Глава сорок четвертая
Пэйдин
Мы сидим на ложе из красных цветов, запах которых сладкий и мягкий, а не тошнотворный и липкий, к которому я так привыкла.
Я вытягиваю ноющие ноги, чувствуя, как мою кожу щекочут лепестки цветов. Мы прошли гораздо дальше по полю после того, как закончили наш танец, и пальцы ног Кая, вероятно, онемели в ботинках. Я держусь спиной к замку, который уже совсем рядом, предпочитая игнорировать неизбежное.
— Как ты, черт возьми, это сделала?
В голосе Кая слышится разочарование, к чему, я уверена, он не привык. Он лежит на боку, опираясь на локоть, и борется со стеблями мака. Я фыркаю при виде того, что должно было быть цветочной короной, и наблюдаю, как он сминает ее в руках.
Он кивает на почти готовую корону у меня на коленях.
— Почему твоя не разваливается?
— Может быть, — медленно отвечаю я, — потому что я делаю все правильно.
От его унылого взгляда у меня из горла вырывается смешок. Лепестки проскальзывают между его пальцами, пока он пытается связать стебли и что-то бормочет себе под нос.
— Я могу держать меч обеими руками, но не могу заставить эти чертовы цветы держаться вместе.
— Честно говоря, — говорю я, прикручивая последний цветок на место, — у меня было много практики. Мы с Адиной постоянно делали их из одуванчиков.

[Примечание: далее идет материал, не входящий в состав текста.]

definition nf_reduct :: "nat \<Rightarrow> arr list \<Rightarrow> rel_index \<Rightarrow> arr list \<Rightarrow> path \<Rightarrow> 'k" where
  "nf_reduct v x r y =
     (\<lambda>z. \<alpha> (rel_vertex r) * nf (v, x @ alpha_word r @ y) z
        + \<beta> (rel_vertex r) * nf (v, x @ beta_word r @ y) z
        + \<gamma> (rel_vertex r) * nf (v, x @ gamma_word r @ y) z)"

lemma nf_redex: "has_redex w \<Longrightarrow> redex w = (x, r, y) \<Longrightarrow> nf (v, w) = nf_reduct v x r y"
  by (simp add: nf.simps nf_reduct_def)

lemma nf_irreducible: "\<not> has_redex w \<Longrightarrow> nf (v, w) = pvec (v, w)"
  by (simp add: nf.simps)

definition nf_resolves_below :: "nat \<Rightarrow> arr list \<Rightarrow> bool" where
  "nf_resolves_below v w \<longleftrightarrow>
     (\<forall>x r y. (x @ lead_word r @ y, w) \<in> word_order \<longrightarrow> rel_vertex r < n \<longrightarrow>
        nf (v, x @ lead_word r @ y) = nf_reduct v x r y)"

lemma nf_resolves_belowD:
  "nf_resolves_below v w \<Longrightarrow> (x @ lead_word r @ y, w) \<in> word_order \<Longrightarrow> rel_vertex r < n
    \<Longrightarrow> nf (v, x @ lead_word r @ y) = nf_reduct v x r y"
  unfolding nf_resolves_below_def by blast

lemma nf_reduct_disjoint:
  assumes IH: "nf_resolves_below v (x @ lead_word r @ s @ lead_word r' @ y)"
    and r: "rel_vertex r < n" "rel_vertex r' < n"
  shows "nf_reduct v x r (s @ lead_word r' @ y) = nf_reduct v (x @ lead_word r @ s) r' y"
proof -
  have left: "nf (v, x @ u @ s @ lead_word r' @ y) = nf_reduct v (x @ u @ s) r' y"
    if "u \<in> {alpha_word r, beta_word r, gamma_word r}" for u
    using nf_resolves_belowD[OF IH, of "x @ u @ s" r' y] r(2) that
      reducts_smaller[of x r "s @ lead_word r' @ y"] by auto
  have right: "nf (v, x @ lead_word r @ s @ u @ y) = nf_reduct v x r (s @ u @ y)"
    if "u \<in> {alpha_word r', beta_word r', gamma_word r'}" for u
    using nf_resolves_belowD[OF IH, of x r "s @ u @ y"] r(1) that
      reducts_smaller[of "x @ lead_word r @ s" r' y] by auto
  show ?thesis
    by (simp add: left right fun_eq_iff nf_reduct_def algebra_simps)
qed
(* Let $e$ be a directed edge of $\Gamma$ labeled $y$, not on $T$, from $g$ to $g'=gy$. Write $\gamma=\mathrm{nf}(g)=x^{i_n}y^{\epsilon_n}\cdots x^{i_1}y^{\epsilon_1}x^{i_0}$ and $\gamma'=\mathrm{nf}(g')=x^{j_{n'}}y^{\varepsilon_{n'}}\cdots x^{j_1}y^{\varepsilon_1}x^{j_0}$, let $s_k=i_k+\cdots+i_0$ ($0\le k\le n$), $s'_k=j_k+\cdots+j_0$ ($0\le k\le n'$), let $m=\min\{k\mid s_k\le0\}$ (or $m=n$ if no such $k$) and $m'=\min\{k\mid s'_k\le1\}$ (or $m'=n'$ if no such $k$). Then $m=m'$, and the sequence of $y$-rule sizes $(s_0,\dots,s_{m-1})$ used in rewriting $\gamma y$ to $\gamma'$ coincides (in order) with the sequence of $y^{-1}$-rule sizes $(s'_0-1,\dots,s'_{m'-1}-1)$ used in rewriting $\gamma' y^{-1}$ to $\gamma$; that is, $s'_k-1=s_k$ for $0\le k\le m-1$.
   Context: $F$ is Thompson's group with generators $x,y$, $A=\{x^{\pm1},y^{\pm1}\}$, $\Gamma$ its Cayley graph over $A$. Guba–Sapir's convergent rewriting system $\Sigma$ consists of free reductions $aa^{-1}\to\emptyset$ ($a\in A$), the $y$-rules of size $i$: $y^\epsilon x^iy\to x^iyx^{-i-1}y^\epsilon x^{i+1}$, and the $y^{-1}$-rules of size $i$: $y^\epsilon x^{i+1}y^{-1}\to x^{i+1}y^{-1}x^{-i}y^\epsilon x^i$ ($\epsilon\in\{1,-1\}$, $i\ge1$). $\mathcal N$ is the set of $\Sigma$-irreducible words (unique normal forms for $F$), and $\mathrm{nf}(w)$ denotes the word of $\mathcal N$ representing the same element as $w$. $T$ is the subtree of $\Gamma$ whose non-backtracking paths from the identity are labeled exactly by the words of $\mathcal N$. *)

theory Defs
  imports Main
begin
(* Let $S(\mathbf{G},\mathbf{\Sigma})$ be a constrained switching system and $T\ge1$ an integer. Let $S^T$ be its $T$-product lift and $S_{T-1}$ its $(T-1)$-path-dependent lift. Then $$\gamma_*(S_{T-1})\le\gamma_*(S^T)^{1/T}.$$
   Context: An automaton $\mathbf{G}(V,E)$ is a strongly connected directed graph with finite node set $V$ and finite edge set $E$ of labelled edges $(v,w,\sigma)$, $\sigma$ indexing a matrix $A_\sigma$ of a finite set $\mathbf{\Sigma}\subset\mathbb{R}^{n\times n}$. A path of length $T$ is a sequence of $T$ consecutive edges. The constrained switching system $S(\mathbf{G},\mathbf{\Sigma})$ is $x_{t+1}=A_{\sigma(t)}x_t$ with switching sequences equal to label sequences of paths in $\mathbf{G}$. $T$-product lift $S^T$: automaton with the same nodes $V$ and one edge $(v,w,\{\sigma(1)\dots\sigma(T)\})$ per path of length $T$ in $\mathbf{G}$ from $v$ to $w$ with labels $\sigma(1),\dots,\sigma(T)$, whose associated matrix is $A_{\sigma(T)}\cdots A_{\sigma(1)}$. $M$-path-dependent lift $S_M$ ($M\ge0$): same matrix set $\mathbf{\Sigma}$; for $M=0$ the automaton is $\mathbf{G}$; for $M\ge1$ the automaton has one node $v_p$ per path $p$ of length $M$ in $\mathbf{G}$, and for each path $p=(e_1,\dots,e_{M+1})$ of length $M+1$ in $\mathbf{G}$ an edge $(v_{p^-},v_{p^+},\sigma_p)$ where $p^-=(e_1,\dots,e_M)$, $p^+=(e_2,\dots,e_{M+1})$ and $\sigma_p$ is the label of $e_{M+1}$. For a constrained switching system $S'$ on automaton $(V',E')$, $\gamma_*(S')$ is the infimum of $\gamma$ such that there exist symmetric $Q_v\succ0$ ($v\in V'$) with $\gamma^2Q_v-A_\sigma^\top Q_wA_\sigma\succeq0$ for all $(v,w,\sigma)\in E'$. *)

theory Defs
  imports "HOL-Analysis.Analysis"
begin

type_synonym ('v,'l) edge = "'v \<times> 'v \<times> 'l"

definition src :: "('v,'l) edge \<Rightarrow> 'v" where "src e = fst e"
definition tgt :: "('v,'l) edge \<Rightarrow> 'v" where "tgt e = fst (snd e)"
definition lbl :: "('v,'l) edge \<Rightarrow> 'l" where "lbl e = snd (snd e)"

definition is_path :: "('v,'l) edge set \<Rightarrow> ('v,'l) edge list \<Rightarrow> bool" where
  "is_path E p \<longleftrightarrow> set p \<subseteq> E \<and>
     (\<forall>i. Suc i < length p \<longrightarrow> tgt (p ! i) = src (p ! Suc i))"

definition paths :: "('v,'l) edge set \<Rightarrow> nat \<Rightarrow> ('v,'l) edge list set" where
  "paths E T = {p. is_path E p \<and> length p = T}"

definition strongly_connected :: "'v set \<Rightarrow> ('v,'l) edge set \<Rightarrow> bool" where
  "strongly_connected V E \<longleftrightarrow> (\<forall>v\<in>V. \<forall>w\<in>V. v = w \<or>
     (\<exists>p. is_path E p \<and> p \<noteq> [] \<and> src (hd p) = v \<and> tgt (last p) = w))"

definition automaton :: "'v set \<Rightarrow> ('v,'l) edge set \<Rightarrow> bool" where
  "automaton V E \<longleftrightarrow> finite V \<and> finite E \<and> (\<forall>e\<in>E. src e \<in> V \<and> tgt e \<in> V)
     \<and> strongly_connected V E"

definition sym_mat :: "real^'n^'n \<Rightarrow> bool" where
  "sym_mat Q \<longleftrightarrow> transpose Q = Q"

definition pos_def :: "real^'n^'n \<Rightarrow> bool" where
  "pos_def Q \<longleftrightarrow> sym_mat Q \<and> (\<forall>x. x \<noteq> 0 \<longrightarrow> x \<bullet> (Q *v x) > 0)"

definition psd :: "real^'n^'n \<Rightarrow> bool" where
  "psd M \<longleftrightarrow> (\<forall>x. x \<bullet> (M *v x) \<ge> 0)"

definition gamma_star :: "'v set \<Rightarrow> ('v,'l) edge set \<Rightarrow> ('l \<Rightarrow> real^'n^'n) \<Rightarrow> real" where
  "gamma_star V E A = Inf {\<gamma>. \<gamma> \<ge> 0 \<and> (\<exists>Q :: 'v \<Rightarrow> real^'n^'n.
      (\<forall>v\<in>V. pos_def (Q v)) \<and>
      (\<forall>(v,w,s)\<in>E. psd ((\<gamma>^2) *\<^sub>R Q v - transpose (A s) ** Q w ** A s)))}"

fun prod_mat :: "('l \<Rightarrow> real^'n^'n) \<Rightarrow> 'l list \<Rightarrow> real^'n^'n" where
  "prod_mat A [] = mat 1"
| "prod_mat A (s # ss) = prod_mat A ss ** A s"

definition product_lift_edges :: "('v,'l) edge set \<Rightarrow> nat \<Rightarrow> ('v, 'l list) edge set" where
  "product_lift_edges E T = {(src (hd p), tgt (last p), map lbl p) | p. p \<in> paths E T}"

definition gamma_product_lift :: "'v set \<Rightarrow> ('v,'l) edge set \<Rightarrow> ('l \<Rightarrow> real^'n^'n) \<Rightarrow> nat \<Rightarrow> real" where
  "gamma_product_lift V E A T = gamma_star V (product_lift_edges E T) (prod_mat A)"

definition path_lift_edges :: "('v,'l) edge set \<Rightarrow> nat \<Rightarrow> (('v,'l) edge list, 'l) edge set" where
  "path_lift_edges E M = {(take M p, drop 1 p, lbl (last p)) | p. p \<in> paths E (Suc M)}"

definition gamma_path_lift :: "'v set \<Rightarrow> ('v,'l) edge set \<Rightarrow> ('l \<Rightarrow> real^'n^'n) \<Rightarrow> nat \<Rightarrow> real" where
  "gamma_path_lift V E A M =
     (if M = 0 then gamma_star V E A else gamma_star (paths E M) (path_lift_edges E M) A)"

end

theory Submission
  imports Defs
begin

text \<open>Passing to inverses \<open>P\<^sub>v = Q\<^sub>v\<inverse>\<close> turns a certificate
  \<open>\<gamma>\<^sup>2 Q\<^sub>v \<succeq> B\<^sup>T Q\<^sub>w B\<close> into \<open>B P\<^sub>v B\<^sup>T \<preceq> \<gamma>\<^sup>2 P\<^sub>w\<close>.
  Let \<open>c = \<gamma>\<^bsup>-2/T\<^esup>\<close>. To a path \<open>p\<close> of length \<open>M = T - 1\<close> with nodes
  \<open>v\<^sub>0, \<dots>, v\<^sub>M\<close> attach \<open>P'(p) = \<Sum>\<^sub>k c\<^bsup>M-k\<^esup> S\<^sub>k P(v\<^sub>k) S\<^sub>k\<^sup>T\<close>, where \<open>S\<^sub>k\<close>
  is the product of the labels of \<open>p\<close> after \<open>v\<^sub>k\<close>. For a path \<open>q\<close> of length \<open>T\<close>
  ending with label \<open>\<sigma>\<close>, the terms of \<open>A\<^sub>\<sigma> P'(q\<^sup>-) A\<^sub>\<sigma>\<^sup>T\<close> are, up to the factor
  \<open>\<gamma>\<^bsup>2/T\<^esup>\<close>, those of \<open>P'(q\<^sup>+)\<close> shifted by one node; the single unmatched term is
  the one from the first node of \<open>q\<close>, and the product-lift inequality along \<open>q\<close> bounds it
  by the missing term at the last node. Hence \<open>A\<^sub>\<sigma> P'(q\<^sup>-) A\<^sub>\<sigma>\<^sup>T \<preceq> \<gamma>\<^bsup>2/T\<^esup> P'(q\<^sup>+)\<close>,
  and inverting \<open>P'\<close> yields a certificate for the path-dependent lift at rate \<open>\<gamma>\<^bsup>1/T\<^esup>\<close>.\<close>

subsection \<open>Quadratic forms\<close>

lemma inner_matrix_vector_transpose: "x \<bullet> (A *v y) = (transpose A *v x) \<bullet> (y::real^'n)"
  by (simp add: dot_lmul_matrix[symmetric])

lemma sym_mat_inner_commute: "sym_mat R \<Longrightarrow> x \<bullet> (R *v y) = y \<bullet> (R *v (x::real^'n))"
  unfolding sym_mat_def by (metis inner_matrix_vector_transpose inner_commute)

lemma quad_form_sandwich:
  fixes S P :: "real^'n^'n"
  shows "y \<bullet> ((S ** P ** transpose S) *v y) = (transpose S *v y) \<bullet> (P *v (transpose S *v y))"
  by (metis inner_matrix_vector_transpose matrix_vector_mul_assoc transpose_transpose)

lemma psd_scaled_diff_iff:
  fixes X Y :: "real^'n^'n"
  shows "psd (k *\<^sub>R X - Y) \<longleftrightarrow> (\<forall>y. y \<bullet> (Y *v y) \<le> k * (y \<bullet> (X *v y)))"
  unfolding psd_def
  by (simp add: matrix_vector_mult_diff_rdistrib scaleR_matrix_vector_assoc[symmetric] inner_diff_right)
(* Let $G$ be a finite loopless multigraph, let $\vec G$ be an orientation of $G$, let $a$ be a positive integer and let $\mathfrak f$ be a fraternal completion of $\vec G$ of depth $a$. Let $c:E(\vec G)\to[N]$ be a colouring of the edges such that $c(e_1)\ne c(e_2)$ for every conflict $(e_1,e_2)$ with $e_1\ne e_2$. Then every cycle $\gamma$ of $G$ receives at least $\min(|\gamma|,a+1)$ distinct colours.
   Context: Let $\vec G$ be a finite loopless directed multigraph and $a$ a positive integer. A fraternal completion of $\vec G$ of depth $a$ is a triple $\mathfrak f=((E_1,\dots,E_a),w,\kappa)$ such that: $E_1=E(\vec G)$; for $2\le i\le a$, $E_i$ is the arc set of a directed multigraph with vertex set $V(\vec G)$; the sets $E_1,\dots,E_a$ are pairwise disjoint (distinct arcs may have the same head and tail); writing $E_{\mathfrak f}=\bigcup_{1\le i\le a}E_i$, the weight $w(e)$ of $e\in E_{\mathfrak f}$ is the $i$ with $e\in E_i$; $\kappa$ maps each $e\in\bigcup_{1<i\le a}E_i$ to a pair $(f,g)\in E_{\mathfrak f}^2$ with ${\rm tail}(f)\ne{\rm tail}(g)$, $w(e)=w(f)+w(g)$, ${\rm tail}(e)={\rm tail}(f)$, ${\rm head}(e)={\rm tail}(g)$, ${\rm head}(f)={\rm head}(g)$; and conversely, for all $i,j$ with $i+j\le a$ and all $f\in E_i$, $g\in E_j$ with ${\rm tail}(f)\ne{\rm tail}(g)$ and ${\rm head}(f)={\rm head}(g)$, there is a unique $e\in E_{i+j}$ with $\kappa(e)\in\{(f,g),(g,f)\}$. Let $\prec$ be the partial order on $E_{\mathfrak f}$ obtained as the transitive closure of the relations $f\prec e$ and $g\prec e$ whenever $\kappa(e)=(f,g)$; $f\preceq e$ means $f\prec e$ or $f=e$. Let $\vec H_{\le a}$ be the directed multigraph with vertex set $V(\vec G)$ and arc set $E_{\mathfrak f}$. A pair $(e_1,e_2)$ of arcs of $\vec G$ is a conflict if there exist $f_1,f_2\in E_{\mathfrak f}$ with $f_1\succeq e_1$, $f_2\succeq e_2$, and a directed path of length at most $a$ in $\vec H_{\le a}$ whose first arc is $f_1$ and which ends at an endpoint of $f_2$ (possibly $f_1=f_2$). Cycles of $G$ include $2$-cycles formed by parallel edges; $|\gamma|$ is the number of edges of $\gamma$. *)

theory Defs
  imports Main
begin
lemma outcome_meets_upper_set:
  assumes P0: "P0 \<in> profiles V A" and P1: "P1 \<in> profiles V A"
    and meets: "F P0 \<inter> T \<noteq> {}" and upper: "\<forall>i\<in>V. upper_set A (P1 i) T"
  shows "F P1 \<inter> T \<noteq> {}"
  using finite_voters P0 P1 meets
proof (rule profiles_one_voter_induct[where \<Psi> = "\<lambda>P. F P \<inter> T \<noteq> {}"])
  fix P i assume P: "P \<in> profiles V A" and i: "i \<in> V" and "F P \<inter> T \<noteq> {}"
  then obtain t where t: "t \<in> F P" "t \<in> T" by blast
  let ?R = "P1 i"
  have R: "linear_order_on A ?R" using profiles_linear_order_on[OF P1 i] .
  have RT: "upper_set A ?R T" using upper i by blast
  have "best ?R (F P) \<in> T"
    using upper_setD[OF R RT best_S2(2)[OF R outcome_S2[OF P] t(1)] t(2)] .
  moreover have "(best ?R (F (P(i := ?R))), best ?R (F P)) \<in> ?R"
    using SPO_update[OF P i R profiles_linear_order_on[OF P i]] by simp
  ultimately have "best ?R (F (P(i := ?R))) \<in> T" using upper_setD[OF R RT] by blast
  moreover have "best ?R (F (P(i := ?R))) \<in> F (P(i := ?R))"
    using best_S2(1)[OF R outcome_S2[OF profiles_update[OF P i R]]] .
  ultimately show "F (P(i := P1 i)) \<inter> T \<noteq> {}" by blast
qed

lemma outcome_within_upper_set:
  assumes P0: "P0 \<in> profiles V A" and P1: "P1 \<in> profiles V A"
    and within: "F P0 \<subseteq> T" and upper: "\<forall>i\<in>V. upper_set A (P1 i) T"
  shows "F P1 \<subseteq> T"
  using finite_voters P0 P1 within
proof (rule profiles_one_voter_induct[where \<Psi> = "\<lambda>P. F P \<subseteq> T"])
  fix P i assume P: "P \<in> profiles V A" and i: "i \<in> V" and PT: "F P \<subseteq> T"
  let ?R = "P1 i"
  have R: "linear_order_on A ?R" using profiles_linear_order_on[OF P1 i] .
  have RT: "upper_set A ?R T" using upper i by blast
  have P': "P(i := ?R) \<in> profiles V A" using profiles_update[OF P i R] .
  have "(worst ?R (F (P(i := ?R))), worst ?R (F P)) \<in> ?R"
    using SPP_update[OF P i R profiles_linear_order_on[OF P i]] by simp
  moreover have "worst ?R (F P) \<in> T" using worst_S2(1)[OF R outcome_S2[OF P]] PT by blast
  ultimately have "y \<in> T" if "y \<in> F (P(i := ?R))" for y
    using worst_S2(2)[OF R outcome_S2[OF P'] that] linear_order_on_trans[OF R] upper_setD[OF R RT]
    by blast
  then show "F (P(i := P1 i)) \<subseteq> T" by blast
qed
lemma fa_lift_diff_in_ideal:
  assumes I: "ideal I (free_alg Y)"
    and g: "\<And>x. x \<in> X \<Longrightarrow> g x \<in> carrier (free_alg Y)"
    and h: "\<And>x. x \<in> X \<Longrightarrow> h x \<in> carrier (free_alg Y)"
    and gh: "\<And>x. x \<in> X \<Longrightarrow> g x - h x \<in> I"
    and p: "p \<in> carrier (free_alg X)"
  shows "fa_lift g p - fa_lift h p \<in> I"
proof -
  interpret I: ideal I "free_alg Y" by (rule I)
  have zero: "0 \<in> I" using additive_subgroup.zero_closed[OF ideal.axioms(1)[OF I]] by simp
  have add: "a + b \<in> I" if "a \<in> I" "b \<in> I" for a b
    using additive_subgroup.a_closed[OF ideal.axioms(1)[OF I] that] by simp
  have sum_closed: "sum F A \<in> I" if "\<And>i. i \<in> A \<Longrightarrow> F i \<in> I" for F A
    using that by (induction A rule: infinite_finite_induct) (use zero add in auto)
  have word: "lift_word g w - lift_word h w \<in> I" if "set w \<subseteq> X" for w
    using that
  proof (induction w)
    case (Cons x w)
    have "lift_word g (x # w) - lift_word h (x # w) =
        fa_mult (g x - h x) (lift_word g w) + fa_mult (h x) (lift_word g w - lift_word h w)"
      by (simp add: fa_mult_diff_left fa_mult_diff_right)
    also have "\<dots> \<in> I"
    proof (rule add)
      show "fa_mult (g x - h x) (lift_word g w) \<in> I"
        using I.I_r_closed[OF gh] Cons.prems lift_word_closed[where X = X and g = g] g by simp
      show "fa_mult (h x) (lift_word g w - lift_word h w) \<in> I"
        using I.I_l_closed[OF Cons.IH h] Cons.prems
        by (simp only: free_alg_mult list.set insert_subset)
    qed
    finally show ?case .
  qed (simp add: zero)
  have P: "finite (supp p)" "\<And>w. w \<in> supp p \<Longrightarrow> set w \<subseteq> X"
    using p by (auto simp: free_alg_carrier)
  have "fa_lift g p - fa_lift h p =
      (\<Sum>w\<in>supp p. fa_mult (fa_scalar (p w)) (lift_word g w - lift_word h w))"
    unfolding fa_lift_expand[OF P(1) order_refl] sum_subtractf[symmetric]
    by (simp add: fa_smult_eq_mult_scalar fa_mult_diff_right)
  also have "\<dots> \<in> I"
    using P word by (intro sum_closed) (simp add: I.I_l_closed[simplified] free_alg_scalar_closed)
  finally show ?thesis .
qed
lemma has_real_derivative_inverse_ln_deriv:
  fixes t :: real
  assumes "t > 0" and "ln t \<noteq> 0"
  shows "(inverse_ln_deriv n has_real_derivative inverse_ln_deriv (Suc n) t) (at t)"
proof -
  define c where "c k = fact k * real (stirling n k)" for k
  define D where "D k = 1 / (t ^ (n + 1) * ln t ^ (k + 1))" for k
  have "(inverse_ln_deriv n has_real_derivative
          (-1) ^ n * (\<Sum>k\<le>n. c k * (- real n / (t ^ (n + 1) * ln t ^ (k + 1))
                                   - real (k + 1) / (t ^ (n + 1) * ln t ^ (k + 2))))) (at t)"
    unfolding inverse_ln_deriv_def[abs_def] c_def
    by (intro DERIV_cmult DERIV_sum has_real_derivative_inverse_power_ln_power assms)
  also have "(\<Sum>k\<le>n. c k * (- real n / (t ^ (n + 1) * ln t ^ (k + 1))
                              - real (k + 1) / (t ^ (n + 1) * ln t ^ (k + 2)))) =
             (\<Sum>k\<le>n. - (real n * (c k * D k) + c k * real (k + 1) * D (k + 1)))"
    by (intro sum.cong refl) (simp add: D_def field_simps)
  also have "\<dots> = - (real n * (\<Sum>k\<le>n. c k * D k) +
                      (\<Sum>k\<le>n. c k * real (k + 1) * D (k + 1)))"
    by (simp only: sum_negf sum.distrib sum_distrib_left)
  also have "(-1) ^ n * \<dots> =
      (-1) ^ Suc n * (real n * (\<Sum>k\<le>n. c k * D k) +
                      (\<Sum>k\<le>n. c k * real (k + 1) * D (k + 1)))"
    by (simp add: algebra_simps)
  also have "\<dots> = inverse_ln_deriv (Suc n) t"
    unfolding inverse_ln_deriv_def sum_fact_stirling_Suc c_def D_def by simp
  finally show ?thesis .
qed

Эта мысль вызывает грустную улыбку. Я любуюсь своей работой, а после надеваю корону ему на голову, расправляя его черные кудри.
— Ну вот. Снова стал принцем.
Он улыбается, отвлекая меня своими ямочками. Я ложусь на бок, зеркально отражая его позу, опираясь на локоть и глядя на корону. Яркие цветы контрастируют с чертами его лица, мягкими и изящными, в то время как все остальное в нем совсем не такое.
— Вот, — он протягивает наполовину раздавленный цветок. Пальцы скользят по моим волосам, когда он заправляет стебель мне за ухо. — Притворись, что это незабудка.
В памяти всплывает ночь последнего бала, а также поцелуй, который так и не случился. И подумать только, что теперь, когда мы действительно должны быть врагами, мы разделили еще больше.
— Мы довольно хорошо притворяемся, — бормочу я, наблюдая за его лицом.
Он открывает рот, словно для того, чтобы высказать слова, которые долго держал в себе.
Но его взгляд скользит вниз по моей шее, по изгибу обнаженного плеча. Огромная рубашка и бретелька майки теперь ниспадают с моей руки, небрежно лежащей на боку.
Его глаза сужаются, становясь похожими на осколки льда, а затем в них начинает зарождаться буря.
Сердце, бьющееся от его взгляда, замирает от осознания того, что он видит. Я быстро сажусь, натягивая рубашку на плечи. Прижимаю руку к ткани, чтобы убедиться, что она прикрывает изуродованную кожу под ней.
— Грэй, — произносит он холодным тоном. — Что, черт возьми, это было?
Я качаю головой, ненавидя себя за то, что съеживаюсь.
— Ничего.
— Тогда дай мне посмотреть, — просит он обманчиво спокойно.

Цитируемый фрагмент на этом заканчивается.